= WHAT YOU WILL DO =
Copy every line in the records below that contains the word "Longrightarrow".

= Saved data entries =
lemma same_part_iff_conn_in:
  assumes sg: "simple_graph V E" and u: "u \<in> layer V E s j" and v: "v \<in> layer V E s j"
  shows "(\<exists>P\<in>parts V E s. u \<in> P \<and> v \<in> P) \<longleftrightarrow> conn_in V E (layers_ge V E s j) u v"
proof
  assume "\<exists>P\<in>parts V E s. u \<in> P \<and> v \<in> P"
  then obtain P j' where P: "part_at V E s j' P" "u \<in> P" "v \<in> P" unfolding parts_def by blast
  have "j' = j" using part_at_subset_layer[OF P(1)] P(2) u unfolding layer_def by auto
  with P show "conn_in V E (layers_ge V E s j) u v" unfolding part_at_def by blast
next
  assume "conn_in V E (layers_ge V E s j) u v"
  then show "\<exists>P\<in>parts V E s. u \<in> P \<and> v \<in> P"
    using part_at_containing[OF sg u v] unfolding parts_def by blast
qed

lemma gdist_le_tree_length:
  assumes sg: "simple_graph V E" and P: "P \<in> parts V E s" and "u \<in> P" "v \<in> P"
  shows "gdist V E u v \<le> tree_length V E s"
proof -
  let ?X = "{gdist V E u v | P u v. P \<in> parts V E s \<and> u \<in> P \<and> v \<in> P}"
  have "parts V E s \<subseteq> Pow V"
    unfolding parts_def using part_at_subset_layer unfolding layer_def by fastforce
  then have "?X \<subseteq> (\<lambda>(u, v). gdist V E u v) ` (V \<times> V)" by fast
  moreover have "finite V" using sg unfolding simple_graph_def by simp
  ultimately have "finite ?X" by (meson finite_SigmaI finite_imageI finite_subset)
  then show ?thesis unfolding tree_length_def using assms by (intro Max_ge) blast+
qed

locale rooted_graph =
  fixes V :: "'a set" and E :: "'a \<Rightarrow> 'a \<Rightarrow> bool" and s :: 'a
  assumes simple: "simple_graph V E" and connected: "connected_graph V E" and root: "s \<in> V"
begin

abbreviation depth :: "'a \<Rightarrow> nat" where
  "depth x \<equiv> gdist V E s x"

abbreviation window :: "nat \<Rightarrow> nat \<Rightarrow> 'a set" where
  "window j i \<equiv> layers_ge V E s j \<inter> layers_below V E s i"

lemma mem_window: "x \<in> window j i \<longleftrightarrow> x \<in> V \<and> j \<le> depth x \<and> depth x < i"
  unfolding layers_ge_def layers_below_def by auto

lemma depth_edge_le:
  assumes "(x, y) \<in> edge_rel V E"
  shows "depth y \<le> depth x + 1"
  using gdist_relpow_le[OF connected root _, of x y 1] edge_relD[OF assms] assms by simp
lemma left_error_ge:
  "x \<in> left_nodes T \<Longrightarrow>
     x powr (-kap) * \<bar>(\<Sum>s=1..nat \<lfloor>x\<rfloor>. e s \<omega>) - sig * W1 T x \<omega>\<bar> \<le> left_error T \<omega>"
  unfolding left_error_def by (rule Max_ge) (auto simp: finite_left_nodes)

lemma right_error_ge:
  "x \<in> right_nodes T \<Longrightarrow>
     (real T - x) powr (-kap) * \<bar>(\<Sum>s\<in>{nat \<lfloor>x\<rfloor> + 1 .. T}. e s \<omega>) - sig * W2 T (real T - x) \<omega>\<bar>
       \<le> right_error T \<omega>"
  unfolding right_error_def by (rule Max_ge) (auto simp: finite_right_nodes)

lemma left_approx:
  assumes "1 \<le> t" "real t \<le> real T / 2"
  shows "\<bar>esum t \<omega> - sig * W1 T (real t) \<omega>\<bar> \<le> real t powr kap * left_error T \<omega>"
proof -
  have "real t \<in> left_nodes T" unfolding left_nodes_def using assms by auto
  from left_error_ge[OF this] show ?thesis
    unfolding esum_def using assms by (intro powr_neg_mult_le_imp_le) auto
qed

lemma right_approx:
  assumes "real T / 2 \<le> real t" "t < T"
  shows "\<bar>(\<Sum>s=t+1..T. e s \<omega>) - sig * W2 T (real T - real t) \<omega>\<bar> \<le> (real T - real t) powr kap * right_error T \<omega>"
proof -
  have "real t \<in> right_nodes T" unfolding right_nodes_def using assms by auto
  from right_error_ge[OF this] show ?thesis
    using assms by (intro powr_neg_mult_le_imp_le) auto
qed

lemma right_approx_half:
  assumes "0 < T"
  shows "\<bar>(\<Sum>s=T div 2+1..T. e s \<omega>) - sig * W2 T (real T / 2) \<omega>\<bar> \<le> (real T / 2) powr kap * right_error T \<omega>"
proof -
  have "real T / 2 \<in> right_nodes T" unfolding right_nodes_def by auto
  from right_error_ge[OF this] show ?thesis
    unfolding nat_floor_half using assms by (intro powr_neg_mult_le_imp_le) auto
qed

lemma esum_split: "k \<le> T \<Longrightarrow> esum T \<omega> = esum k \<omega> + (\<Sum>s=k+1..T. e s \<omega>)"
  unfolding esum_def by (rule sum_atLeastAtMost_split)

lemma esum_max_ge: "t \<le> T \<Longrightarrow> \<bar>esum t \<omega>\<bar> \<le> esum_max T \<omega>"
  unfolding esum_max_def by (rule Max_ge) auto

lemma esum_max_nonneg: "0 \<le> esum_max T \<omega>"
  using esum_max_ge[of 0 T \<omega>] by simp

lemma esum_left_le:
  assumes "real t \<le> real T / 2"
  shows "\<bar>esum t \<omega>\<bar> \<le> sig * grid_max W1 T \<omega> + real T powr kap * left_error T \<omega>"
proof (cases "t = 0")
  case True
  then show ?thesis
    using sig grid_max_nonneg[of W1 T \<omega>] left_error_nonneg[of T \<omega>] by (simp add: esum_def)
next
  case False
  have "t \<le> T div 2" using assms by linarith
  then have "\<bar>W1 T (real t) \<omega>\<bar> \<le> grid_max W1 T \<omega>"
    by (intro grid_max_ge) (simp add: half_grid_def)
  moreover have "real t powr kap \<le> real T powr kap"
    using assms kap by (intro powr_mono2) auto
  moreover have "\<bar>esum t \<omega>\<bar> \<le> sig * \<bar>W1 T (real t) \<omega>\<bar> + real t powr kap * left_error T \<omega>"
    using left_approx[of t T \<omega>] False assms sig by (intro abs_le_of_approx) auto
  ultimately show ?thesis
    using sig left_error_nonneg[of T \<omega>]
    by (elim order.trans[rotated 2]) (intro add_mono mult_left_mono mult_right_mono; simp)
qed

lemma esum_tail_le:
  assumes "T div 2 \<le> t" "t \<le> T"
  shows "\<bar>\<Sum>s=t+1..T. e s \<omega>\<bar> \<le> sig * grid_max W2 T \<omega> + real T powr kap * right_error T \<omega>"
proof (cases "t = T")
  case True
  then show ?thesis
    using sig grid_max_nonneg[of W2 T \<omega>] right_error_nonneg[of T \<omega>] by simp
next
  case False
  define x where "x = (if t = T div 2 then real T / 2 else real (T - t))"
  have "T - t \<le> T div 2" if "t \<noteq> T div 2"
    using assms that by linarith
  then have x: "x \<in> half_grid T" "0 \<le> x" "x \<le> real T"
    by (auto simp: x_def half_grid_def)
  have approx: "\<bar>(\<Sum>s=t+1..T. e s \<omega>) - sig * W2 T x \<omega>\<bar> \<le> x powr kap * right_error T \<omega>"
  proof (cases "t = T div 2")
    case True
    with False have "0 < T" by auto
    with True show ?thesis
      using right_approx_half[of T \<omega>] by (simp add: x_def)
  next
    case t: False
    have "real T / 2 \<le> real t" "t < T"
      using assms False t by linarith+
    moreover have "real (T - t) = real T - real t"
      using assms by simp
    ultimately show ?thesis
      using right_approx[of T t \<omega>] t by (simp add: x_def)
  qed
  have "\<bar>\<Sum>s=t+1..T. e s \<omega>\<bar> \<le> sig * \<bar>W2 T x \<omega>\<bar> + x powr kap * right_error T \<omega>"
    using approx sig by (rule abs_le_of_approx)
  moreover have "\<bar>W2 T x \<omega>\<bar> \<le> grid_max W2 T \<omega>"
    using x(1) by (rule grid_max_ge)
  moreover have "x powr kap \<le> real T powr kap"
    using x kap by (intro powr_mono2) auto
  ultimately show ?thesis
    using sig right_error_nonneg[of T \<omega>]
    by (elim order.trans[rotated 2]) (intro add_mono mult_left_mono mult_right_mono; simp)
qed
lemma
  assumes "j < (q - 1) * q ^ m"
  shows shift_less: "shift u t j < (q - 1) * q ^ m"
    and digit_shift: "l < m \<Longrightarrow> digit q (shift u t j) l = ((digit q j)(u := (digit q j u + t) mod q)) l"
    and digit_shift_top: "digit q (shift u t j) m = digit q j m"
  using row_less digit_row digit_row_top top_less[OF assms] q_pos digit_less
  unfolding shift_def by auto

lemma inj_on_shift:
  assumes "u < m"
  shows "inj_on (shift u t) {..<(q - 1) * q ^ m}"
proof
  fix j1 j2
  assume "j1 \<in> {..<(q - 1) * q ^ m}" and "j2 \<in> {..<(q - 1) * q ^ m}"
    and eq: "shift u t j1 = shift u t j2"
  then have j1: "j1 < (q - 1) * q ^ m" and j2: "j2 < (q - 1) * q ^ m"
    by simp_all
  have digits_eq: "((digit q j1)(u := (digit q j1 u + t) mod q)) l
      = ((digit q j2)(u := (digit q j2 u + t) mod q)) l" if "l < m" for l
    by (metis digit_shift[OF j1 that] digit_shift[OF j2 that] eq)
  have "[digit q j1 u + t = digit q j2 u + t] (mod q)"
    using digits_eq[OF assms] by (simp add: cong_def)
  then have du: "digit q j1 u = digit q j2 u"
    using digit_less[OF q_pos] by (intro cong_add_right_cancel_less)
  have dm: "digit q j1 m = digit q j2 m"
    by (metis digit_shift_top[OF j1] digit_shift_top[OF j2] eq)
  show "j1 = j2"
  proof (rule row_eqI[OF j1 j2])
    fix l
    assume "l \<le> m"
    then show "digit q j1 l = digit q j2 l"
      using du dm digits_eq[of l] by (cases "l = m"; cases "l = u") auto
  qed
qed

text \<open>Any lower digit can be shifted to move the key of the last block; digit \<open>0\<close> exists
  because \<open>m \<ge> 1\<close>.\<close>
lemma key_shift:
  assumes "u \<le> m" and j: "j < (q - 1) * q ^ m"
  shows "key (shift (if u < m then u else 0) t j) u = (key j u + t) mod q"
proof (cases "u < m")
  case True
  then show ?thesis
    using digit_shift[OF j True] by (simp add: key_def)
next
  case False
  let ?x = "digit q j" and ?j' = "shift 0 t j"
  have "(\<Sum>l<m. digit q ?j' l) + ?x 0 = (\<Sum>l<m. (?x(0 := (?x 0 + t) mod q)) l) + ?x 0"
    using digit_shift[OF j] by simp
  also have "\<dots> = (\<Sum>l<m. ?x l) + (?x 0 + t) mod q"
    using m_ge_1 by (intro sum_fun_upd_add) auto
  finally have "[(\<Sum>l<m. digit q ?j' l) + ?x 0 = (\<Sum>l<m. ?x l) + t + ?x 0] (mod q)"
    by (simp add: cong_def mod_add_right_eq ac_simps)
  then have "[(\<Sum>l<m. digit q ?j' l) = (\<Sum>l<m. ?x l) + t] (mod q)"
    by (simp only: cong_add_rcancel_nat)
  then have "[(\<Sum>l<m. digit q ?j' l) + (?x m + 1) = (\<Sum>l<m. ?x l) + t + (?x m + 1)] (mod q)"
    by (simp only: cong_add_rcancel_nat)
  then show ?thesis
    using False assms(1) digit_shift_top[OF j]
    by (simp add: key_last cong_def mod_add_left_eq mod_add_right_eq ac_simps)
qed

lemma card_key_eq:
  assumes "u \<le> m" and "v < q"
  shows "q * card {j. j < (q - 1) * q ^ m \<and> key j u = v} = (q - 1) * q ^ m"
proof -
  let ?p = "if u < m then u else 0"
  have "q * card {j \<in> {..<(q - 1) * q ^ m}. key j u = v} = card {..<(q - 1) * q ^ m}"
  proof (rule card_fibres_eq_if_cyclic_shifts[where \<sigma> = "\<lambda>t. shift ?p t"])
    show "inj_on (shift ?p t) {..<(q - 1) * q ^ m}" for t
      using m_ge_1 by (intro inj_on_shift) simp
  qed (use assms key_less shift_less key_shift in auto)
  then show ?thesis
    by simp
qed
(* Let $a_1,b_1,a'_1,b'_1,a_2,b_2,a'_2,b'_2\ge 0$ be such that the vectors $v_1=(a'_1-a_1,\,b'_1-b_1)$ and $v_2=(a'_2-a_2,\,b'_2-b_2)$ are linearly independent, and let $\epsilon\in(0,1)$. For rate functions $k_1(t),k_2(t),k_3(t),k_4(t)$ consider the system on $\mathbb{R}^2_{>0}$ $$\begin{pmatrix}\dot x\\ \dot y\end{pmatrix}=\big(k_1(t)x^{a_1}y^{b_1}-k_2(t)x^{a'_1}y^{b'_1}\big)v_1+\big(k_3(t)x^{a_2}y^{b_2}-k_4(t)x^{a'_2}y^{b'_2}\big)v_2 .$$ Consider the curves $\mathcal{C}_1: x^{a'_1-a_1}y^{b'_1-b_1}=\frac{1}{\epsilon^2}$, $\mathcal{C}_2: x^{a'_1-a_1}y^{b'_1-b_1}=\epsilon^2$, $\mathcal{C}_3: x^{a'_2-a_2}y^{b'_2-b_2}=\epsilon^2$, $\mathcal{C}_4: x^{a'_2-a_2}y^{b'_2-b_2}=\frac{1}{\epsilon^2}$ in $\mathbb{R}^2_{>0}$, and let $A=\mathcal{C}_2\cap\mathcal{C}_4$, $B=\mathcal{C}_1\cap\mathcal{C}_4$, $C=\mathcal{C}_1\cap\mathcal{C}_3$, $D=\mathcal{C}_2\cap\mathcal{C}_3$ (each a single point). Let $\mathbf{x}(t)$ be a solution with $\mathbf{x}(0)\in\mathbb{R}^2_{>0}$. Then: (i) if $k_1\equiv\epsilon,k_2\equiv\frac1\epsilon,k_3\equiv\frac1\epsilon,k_4\equiv\epsilon$, then $\lim_{t\to\infty}\mathbf{x}(t)=A$; (ii) if $k_1\equiv\frac1\epsilon,k_2\equiv\epsilon,k_3\equiv\frac1\epsilon,k_4\equiv\epsilon$, then $\lim_{t\to\infty}\mathbf{x}(t)=B$; (iii) if $k_1\equiv\frac1\epsilon,k_2\equiv\epsilon,k_3\equiv\epsilon,k_4\equiv\frac1\epsilon$, then $\lim_{t\to\infty}\mathbf{x}(t)=C$; (iv) if $k_1\equiv\epsilon,k_2\equiv\frac1\epsilon,k_3\equiv\epsilon,k_4\equiv\frac1\epsilon$, then $\lim_{t\to\infty}\mathbf{x}(t)=D$.
   Context: The system is the mass-action system of the reaction network $a_1X+b_1Y\rightleftharpoons a'_1X+b'_1Y$ (forward rate $k_1$, backward rate $k_2$) and $a_2X+b_2Y\rightleftharpoons a'_2X+b'_2Y$ (forward rate $k_3$, backward rate $k_4$); in the variable-$k$ setting the rates are allowed to vary in time with values in $[\epsilon,1/\epsilon]$, here they are fixed constants. *)

theory Defs
  imports "HOL-Analysis.Analysis"
begin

= SOLUTION FOR THIS EXERCISE =
  "x \<in> left_nodes T \<Longrightarrow>
  "x \<in> right_nodes T \<Longrightarrow>
lemma esum_split: "k \<le> T \<Longrightarrow> esum T \<omega> = esum k \<omega> + (\<Sum>s=k+1..T. e s \<omega>)"
lemma esum_max_ge: "t \<le> T \<Longrightarrow> \<bar>esum t \<omega>\<bar> \<le> esum_max T \<omega>"
    and digit_shift: "l < m \<Longrightarrow> digit q (shift u t j) l = ((digit q j)(u := (digit q j u + t) mod q)) l"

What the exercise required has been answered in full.